Good language choice depends on the paradigms of programming you're most comfortable in.

There's been a lot of discussion of C++, but I don't think anyone's mentioned that a lot of its complexity comes from being a multiparadigm language.  If you've got a good amount of exposure to not just imperative or OO programming but also things like functional programming, generic programming, metaprogramming, highly declarative style, etc.

If you grok this stuff and can spot when to usefully apply it, you can make C++ into a wonderful power tool for the right kind of job.  Of course, if you grok all that stuff, you're probably pretty good at picking up new programming languages generally.

Personally, I value C++ for its expressiveness and ability to create powerfully general solutions.  I find these unmatched in other languages of my experience, with Python running second due to its powerful and friendly functional programming support.  That suits me because I'm inclined to devote my obsession to such generality, but I think that many people just want to make a game and should avoid this route because they won't get enough out of it to justify the learning curve.

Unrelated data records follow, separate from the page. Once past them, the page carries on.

(* Let $G$ be a finite group and $N$ a normal subgroup of $G$ with $1\neq N\neq G$. If $\mathcal{D}(G)-\mathcal{D}_G(N)=m$, then $\mathcal{D}(G/N)\le m-1$. In particular, $\mathcal{D}(G/N)\le \mathcal{D}(G)-1$.
   Context: All groups are finite. $\mathcal{D}(G)$ denotes the number of conjugacy classes of nontrivial subgroups $H$ of $G$ with $N_G(H)\neq H$. For $N\trianglelefteq G$, $\mathcal{D}_G(N)$ denotes the number of $G$-conjugacy classes of nontrivial subgroups $H$ of $G$ with $N_G(H)\neq H$ that are properly contained in $N$. *)

theory Defs
  imports "HOL-Algebra.Algebra"
begin

definition conj_class :: "('a, 'b) monoid_scheme \<Rightarrow> 'a set \<Rightarrow> 'a set set" where
  "conj_class G H = (\<lambda>g. g <#\<^bsub>G\<^esub> H #>\<^bsub>G\<^esub> inv\<^bsub>G\<^esub> g) ` carrier G"

definition non_self_norm :: "('a, 'b) monoid_scheme \<Rightarrow> 'a set set" where
  "non_self_norm G = {H. subgroup H G \<and> H \<noteq> {\<one>\<^bsub>G\<^esub>} \<and> normalizer G H \<noteq> H}"

definition DD :: "('a, 'b) monoid_scheme \<Rightarrow> nat" where
  "DD G = card (conj_class G ` non_self_norm G)"

definition DD_rel :: "('a, 'b) monoid_scheme \<Rightarrow> 'a set \<Rightarrow> nat" where
  "DD_rel G N = card (conj_class G ` {H \<in> non_self_norm G. H \<subset> N})"

end

theory Submission
  imports Defs
begin

text \<open>A proper nontrivial normal subgroup \<open>N\<close> is itself counted by \<open>\<D>(G)\<close>, since its
normalizer is all of \<open>G\<close>. Conjugation preserves containment in \<open>N\<close>, so the classes counted
by \<open>\<D>(G)\<close> split into those of subgroups properly inside \<open>N\<close> (counted by \<open>\<D>\<^sub>G(N)\<close>), the
class \<open>{N}\<close>, and those of subgroups not contained in \<open>N\<close>. Under the correspondence
\<open>Q \<mapsto> \<Union>Q\<close> a nontrivial non-self-normalizing subgroup of \<open>G/N\<close> goes to a non-self-normalizing
subgroup of \<open>G\<close> properly containing \<open>N\<close>, and conjugacy classes go to conjugacy classes
injectively. Hence \<open>\<D>(G/N) \<le> \<D>(G) - \<D>\<^sub>G(N) - 1\<close>.\<close>

lemma mem_normalizer_iff:
  assumes "H \<subseteq> carrier G"
  shows "g \<in> normalizer G H \<longleftrightarrow> g \<in> carrier G \<and> g <#\<^bsub>G\<^esub> H #>\<^bsub>G\<^esub> inv\<^bsub>G\<^esub> g = H"
  using assms unfolding normalizer_def stabilizer_def by auto

lemma non_self_norm_subset_carrier:
  "K \<in> non_self_norm G \<Longrightarrow> K \<subseteq> carrier G"
  by (simp add: non_self_norm_def subgroup.subset)

lemma conj_Union:
  "\<Union>((\<lambda>q. g <#\<^bsub>G\<^esub> q #>\<^bsub>G\<^esub> x) ` Q) = g <#\<^bsub>G\<^esub> \<Union>Q #>\<^bsub>G\<^esub> x"
  unfolding l_coset_def r_coset_def by auto

lemma conj_mono:
  "H \<subseteq> K \<Longrightarrow> g <#\<^bsub>G\<^esub> H #>\<^bsub>G\<^esub> x \<subseteq> g <#\<^bsub>G\<^esub> K #>\<^bsub>G\<^esub> x"
  unfolding l_coset_def r_coset_def by auto

lemma (in group) self_mem_conj_class:
  "H \<subseteq> carrier G \<Longrightarrow> H \<in> conj_class G H"
  unfolding conj_class_def by (rule image_eqI[of _ _ \<one>]) (simp_all add: lcos_mult_one)

lemma (in group) conj_class_subset_Pow:
  "H \<subseteq> carrier G \<Longrightarrow> conj_class G H \<subseteq> Pow (carrier G)"
proof
  fix K assume H: "H \<subseteq> carrier G" and "K \<in> conj_class G H"
  then obtain g where "g \<in> carrier G" "K = g <# H #> inv g" unfolding conj_class_def by blast
  with H show "K \<in> Pow (carrier G)" by (simp add: r_coset_subset_G l_coset_subset_G)
qed

lemma (in group) finite_conj_classes:
  assumes "finite (carrier G)" "\<H> \<subseteq> Pow (carrier G)"
  shows "finite (conj_class G ` \<H>)"
proof (rule finite_subset)
  show "conj_class G ` \<H> \<subseteq> Pow (Pow (carrier G))"
    using assms(2) conj_class_subset_Pow by blast
qed (simp add: assms(1))

lemma (in group) subgroup_subset_normalizer:
  assumes "subgroup H G"
  shows "H \<subseteq> normalizer G H"
proof
  fix x assume x: "x \<in> H"
  then have "x <# H #> inv x = H"
    using assms by (simp add: coset_join3 subgroup.mem_carrier subgroup.rcos_const subgroup.m_inv_closed)
  then show "x \<in> normalizer G H"
    using x assms by (simp add: mem_normalizer_iff subgroup.subset subgroup.mem_carrier)
qed

lemma (in normal) conj_eq:
  assumes "g \<in> carrier G"
  shows "g <# H #> inv g = H"
proof -
  have "g <# H = H #> g" using coset_eq assms by simp
  then show ?thesis using assms by (simp add: coset_mult_assoc subset)
qed

lemma (in normal) conj_class_normal: "conj_class G H = {H}"
  unfolding conj_class_def using conj_eq by auto

lemma (in normal) normalizer_normal: "normalizer G H = carrier G"
  using conj_eq by (auto simp: mem_normalizer_iff subset)

lemma (in normal) conj_class_subset:
  assumes "K \<in> conj_class G L" "L \<subseteq> H"
  shows "K \<subseteq> H"
proof -
  obtain g where "g \<in> carrier G" "K = g <# L #> inv g"
    using assms(1) unfolding conj_class_def by blast
  moreover have "g <# L #> inv g \<subseteq> g <# H #> inv g" using assms(2) by (rule conj_mono)
  ultimately show ?thesis using conj_eq by simp
qed

lemma (in normal) conj_class_eq_imp_subset:
  assumes "conj_class G K = conj_class G L" "K \<subseteq> carrier G" "L \<subseteq> H"
  shows "K \<subseteq> H"
  using assms self_mem_conj_class conj_class_subset by metis

lemma (in normal) conj_rcos:
  assumes "g \<in> carrier G" "y \<in> carrier G"
  shows "g <# (H #> y) #> inv g = H #> (g \<otimes> y \<otimes> inv g)"
proof -
  have "g <# (H #> y) = (g <# H) #> y"
    using assms by (simp add: coset_assoc subset)
  also have "\<dots> = (H #> g) #> y"
    using assms coset_eq by simp
  also have "\<dots> = H #> (g \<otimes> y)"
    using assms by (simp add: coset_mult_assoc subset)
  finally have "g <# (H #> y) = H #> (g \<otimes> y)" .
  then show ?thesis using assms by (simp add: coset_mult_assoc subset)
qed

lemma (in normal) conj_FactGroup:
  assumes g: "g \<in> carrier G" and Q: "Q \<subseteq> rcosets H"
  shows "(H #> g) <#\<^bsub>G Mod H\<^esub> Q #>\<^bsub>G Mod H\<^esub> inv\<^bsub>G Mod H\<^esub> (H #> g)
    = (\<lambda>q. g <# q #> inv g) ` Q"
proof -
  have "(H #> g) <#\<^bsub>G Mod H\<^esub> Q #>\<^bsub>G Mod H\<^esub> c = (\<lambda>q. (H #> g) <#> q <#> c) ` Q" for c
    unfolding l_coset_def r_coset_def by auto
  moreover have "inv\<^bsub>G Mod H\<^esub> (H #> g) = H #> inv g"
    using g by (simp add: inv_FactGroup carrier_FactGroup rcos_inv)
  moreover have "(H #> g) <#> q <#> (H #> inv g) = g <# q #> inv g" if q: "q \<in> Q" for q
  proof -
    obtain y where "y \<in> carrier G" "q = H #> y" using q Q unfolding RCOSETS_def by auto
    then show ?thesis using g by (simp add: rcos_sum conj_rcos)
  qed
  ultimately show ?thesis by simp
qed

lemma (in normal) Union_conj_class_FactGroup:
  assumes "Q \<subseteq> rcosets H"
  shows "Union ` conj_class (G Mod H) Q = conj_class G (\<Union>Q)"
proof -
  have "conj_class (G Mod H) Q = (\<lambda>g. (\<lambda>q. g <# q #> inv g) ` Q) ` carrier G"
    unfolding conj_class_def carrier_FactGroup image_image
    using conj_FactGroup[OF _ assms] by simp
  then show ?thesis by (simp add: conj_class_def image_image conj_Union)
qed

lemma (in group) image_rcos_Union:
  assumes "subgroup H G" "Q \<subseteq> rcosets H"
  shows "(\<lambda>x. H #> x) ` \<Union>Q = Q"
proof (intro equalityI subsetI)
  fix c assume "c \<in> (\<lambda>x. H #> x) ` \<Union>Q"
  then obtain q x where "q \<in> Q" "x \<in> q" "c = H #> x" by blast
  moreover obtain y where "y \<in> carrier G" "q = H #> y"
    using \<open>q \<in> Q\<close> assms(2) unfolding RCOSETS_def by auto
  ultimately show "c \<in> Q" using assms(1) repr_independence by auto
next
  fix q assume "q \<in> Q"
  moreover obtain y where "y \<in> carrier G" "q = H #> y"
    using \<open>q \<in> Q\<close> assms(2) unfolding RCOSETS_def by auto
  ultimately show "q \<in> (\<lambda>x. H #> x) ` \<Union>Q" using assms(1) rcos_self by blast
qed

lemma (in group) inj_on_Union_rcosets:
  "subgroup H G \<Longrightarrow> inj_on Union (Pow (rcosets H))"
  by (rule inj_on_inverseI[where g = "image (\<lambda>x. H #> x)"]) (simp add: image_rcos_Union)

lemma (in normal) normalizer_Union_FactGroup:
  assumes Q: "Q \<subseteq> rcosets H" and g: "g \<in> carrier G"
    and norm: "H #> g \<in> normalizer (G Mod H) Q"
  shows "g \<in> normalizer G (\<Union>Q)"
proof -
  have "(H #> g) <#\<^bsub>G Mod H\<^esub> Q #>\<^bsub>G Mod H\<^esub> inv\<^bsub>G Mod H\<^esub> (H #> g) = Q"
    using norm Q by (simp add: mem_normalizer_iff FactGroup_def)
  then have "(\<lambda>q. g <# q #> inv g) ` Q = Q" using conj_FactGroup[OF g Q] by simp
  then have "g <# \<Union>Q #> inv g = \<Union>Q" by (metis conj_Union)
  moreover have "\<Union>Q \<subseteq> carrier G" using Q rcosets_part_G is_subgroup by blast
  ultimately show ?thesis using g by (simp add: mem_normalizer_iff)
qed

lemma (in normal) Union_mem_non_self_norm:
  assumes "Q \<in> non_self_norm (G Mod H)"
  shows "\<Union>Q \<in> non_self_norm G" and "H \<subset> \<Union>Q"
proof -
  interpret GH: group "G Mod H" by (rule factorgroup_is_group)
  have sQ: "subgroup Q (G Mod H)" and "Q \<noteq> {H}" and "normalizer (G Mod H) Q \<noteq> Q"
    using assms by (auto simp: non_self_norm_def)
  have Qr: "Q \<subseteq> rcosets H" using non_self_norm_subset_carrier[OF assms] by (simp add: FactGroup_def)
  have U: "\<Union>Q = {x \<in> carrier G. H #> x \<in> Q}" by (rule factgroup_subgroup_union_char[OF sQ])
  have "H \<in> Q" using subgroup.one_closed[OF sQ] by simp
  with \<open>Q \<noteq> {H}\<close> obtain c where "c \<in> Q" "c \<noteq> H" by blast
  moreover obtain y where "y \<in> carrier G" "c = H #> y"
    using \<open>c \<in> Q\<close> Qr unfolding RCOSETS_def by blast
  ultimately have y_new: "y \<in> \<Union>Q - H" using U rcos_const[OF is_group] by auto
  with \<open>H \<in> Q\<close> show "H \<subset> \<Union>Q" by blast
  obtain c where c: "c \<in> normalizer (G Mod H) Q" "c \<notin> Q"
    using GH.subgroup_subset_normalizer[OF sQ] \<open>normalizer (G Mod H) Q \<noteq> Q\<close> by blast
  then have "c \<in> carrier (G Mod H)"
    using subgroup.subset[OF sQ] by (simp add: mem_normalizer_iff)
  then obtain g where g: "g \<in> carrier G" "c = H #> g" by (auto simp: carrier_FactGroup)
  have "g \<in> normalizer G (\<Union>Q)"
    using c(1) unfolding g(2) by (rule normalizer_Union_FactGroup[OF Qr g(1)])
  moreover have "g \<notin> \<Union>Q" using U c(2) g by simp
  ultimately have "normalizer G (\<Union>Q) \<noteq> \<Union>Q" by blast
  moreover have "subgroup (\<Union>Q) G" by (rule factgroup_subgroup_union_subgroup[OF sQ])
  moreover have "\<Union>Q \<noteq> {\<one>}" using y_new subgroup.one_closed[OF is_subgroup]
    by (metis DiffE singletonD)
  ultimately show "\<Union>Q \<in> non_self_norm G" unfolding non_self_norm_def by simp
qed

lemma (in normal) DD_eq:
  assumes fin: "finite (carrier G)" and H: "H \<in> non_self_norm G"
  shows "DD G = DD_rel G H + 1 + card (conj_class G ` {K \<in> non_self_norm G. \<not> K \<subseteq> H})"
proof -
  define B where "B = conj_class G ` {K \<in> non_self_norm G. K \<subset> H}"
  define C where "C = conj_class G ` {K \<in> non_self_norm G. \<not> K \<subseteq> H}"
  have "finite B" "finite C"
    unfolding B_def C_def
    by (rule finite_conj_classes[OF fin], blast dest: non_self_norm_subset_carrier)+
  have "non_self_norm G = {K \<in> non_self_norm G. K \<subset> H} \<union> ({H} \<union> {K \<in> non_self_norm G. \<not> K \<subseteq> H})"
    using H by auto
  then have "conj_class G ` non_self_norm G = B \<union> ({conj_class G H} \<union> C)"
    unfolding B_def C_def by (metis image_Un image_insert image_empty insert_is_Un)
  moreover have "conj_class G H \<notin> C"
  proof
    assume "conj_class G H \<in> C"
    then obtain K where "K \<in> non_self_norm G" "\<not> K \<subseteq> H" "conj_class G K = conj_class G H"
      unfolding C_def by auto
    then show False by (metis conj_class_eq_imp_subset non_self_norm_subset_carrier order_refl)
  qed
  moreover have "conj_class G H \<notin> B"
  proof
    assume "conj_class G H \<in> B"
    then obtain K where K: "K \<in> non_self_norm G" "K \<subset> H" "conj_class G K = conj_class G H"
      unfolding B_def by auto
    then have "K \<in> conj_class G H"
      using self_mem_conj_class non_self_norm_subset_carrier by metis
    then show False using K(2) conj_class_normal by simp
  qed
  moreover have "B \<inter> C = {}"
  proof (intro equals0I)
    fix c assume "c \<in> B \<inter> C"
    then obtain K L where "K \<in> non_self_norm G" "\<not> K \<subseteq> H" "L \<subset> H"
      and "conj_class G K = conj_class G L"
      unfolding B_def C_def by auto
    then show False by (metis conj_class_eq_imp_subset non_self_norm_subset_carrier psubset_imp_subset)
  qed
  ultimately have "DD G = card B + (1 + card C)"
    unfolding DD_def using \<open>finite B\<close> \<open>finite C\<close> by (simp add: card_Un_disjoint)
  then show ?thesis unfolding DD_rel_def B_def C_def by simp
qed

lemma (in normal) DD_FactGroup_le:
  assumes fin: "finite (carrier G)"
  shows "DD (G Mod H) \<le> card (conj_class G ` {K \<in> non_self_norm G. \<not> K \<subseteq> H})"
proof -
  interpret GH: group "G Mod H" by (rule factorgroup_is_group)
  let ?S = "non_self_norm (G Mod H)"
  have rcosets: "carrier (G Mod H) = rcosets H" by (simp add: FactGroup_def)
  have S_sub: "Q \<subseteq> rcosets H" if "Q \<in> ?S" for Q
    using non_self_norm_subset_carrier[OF that] rcosets by simp
  have "conj_class (G Mod H) Q \<subseteq> Pow (rcosets H)" if "Q \<in> ?S" for Q
    using GH.conj_class_subset_Pow[OF non_self_norm_subset_carrier[OF that]] rcosets by simp
  then have "conj_class (G Mod H) ` ?S \<subseteq> Pow (Pow (rcosets H))" by blast
  then have "inj_on (image Union) (conj_class (G Mod H) ` ?S)"
    by (rule inj_on_subset[OF inj_on_image_Pow[OF inj_on_Union_rcosets[OF is_subgroup]]])
  then have "DD (G Mod H) = card (image Union ` conj_class (G Mod H) ` ?S)"
    unfolding DD_def by (simp add: card_image)
  also have "\<dots> = card ((\<lambda>Q. conj_class G (\<Union>Q)) ` ?S)"
    unfolding image_image using S_sub Union_conj_class_FactGroup by (simp cong: image_cong)
  also have "\<dots> \<le> card (conj_class G ` {K \<in> non_self_norm G. \<not> K \<subseteq> H})"
  proof (rule card_mono)
    show "finite (conj_class G ` {K \<in> non_self_norm G. \<not> K \<subseteq> H})"
      by (rule finite_conj_classes[OF fin]) (blast dest: non_self_norm_subset_carrier)
    show "(\<lambda>Q. conj_class G (\<Union>Q)) ` ?S \<subseteq> conj_class G ` {K \<in> non_self_norm G. \<not> K \<subseteq> H}"
    proof (rule image_subsetI)
      fix Q assume "Q \<in> ?S"
      then have "\<Union>Q \<in> {K \<in> non_self_norm G. \<not> K \<subseteq> H}"
        using Union_mem_non_self_norm by blast
      then show "conj_class G (\<Union>Q) \<in> conj_class G ` {K \<in> non_self_norm G. \<not> K \<subseteq> H}"
        by (rule imageI)
    qed
  qed
  finally show ?thesis .
qed

theorem mainTheorem2:
  fixes G :: "('a, 'b) monoid_scheme" and N :: "'a set" and m :: int
  assumes "group G" and "finite (carrier G)" and "N \<lhd> G"
    and "N \<noteq> {\<one>\<^bsub>G\<^esub>}" and "N \<noteq> carrier G"
    and "int (DD G) - int (DD_rel G N) = m"
  shows "int (DD (G Mod N)) \<le> m - 1 \<and> DD (G Mod N) \<le> DD G - 1"
proof -
  interpret normal N G by (rule assms(3))
  have "N \<in> non_self_norm G"
    using assms(4,5) is_subgroup normalizer_normal by (simp add: non_self_norm_def)
  with assms(2)
  have "DD G = DD_rel G N + 1 + card (conj_class G ` {K \<in> non_self_norm G. \<not> K \<subseteq> N})"
    by (rule DD_eq)
  moreover have "DD (G Mod N) \<le> card (conj_class G ` {K \<in> non_self_norm G. \<not> K \<subseteq> N})"
    using assms(2) by (rule DD_FactGroup_le)
  ultimately show ?thesis using assms(6) by linarith
qed

end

In practice, I find that memory management is not one of my more typical stumbling blocks; it used to be more the case before the advent of smart pointers, which reduce the problem to not much more complexity for 95% of cases than that of e.g. Java.

I'm trying to think of what I would consider my most common stumbling blocks.  Honestly, most of the time when I'm sitting there thrashing without making progress it's not really a language issue, but a visibility issue -- I just can't get the proper view on things to make obvious what's going on.  The best tonic I know for that is a strong willingness to take the time and build visualization in when you feel the need and can remotely justify it, because it pays for itself very quickly and keeps on paying.  Plus, you never know when cool new gameplay might come out of it.

Here is a truly excellent talk about immediacy in design that pertains to what I'm saying.

Okay, if I have to pick a C++ stumbling block though, I'll pick linking.  Always a PITA, one way or a damn nother.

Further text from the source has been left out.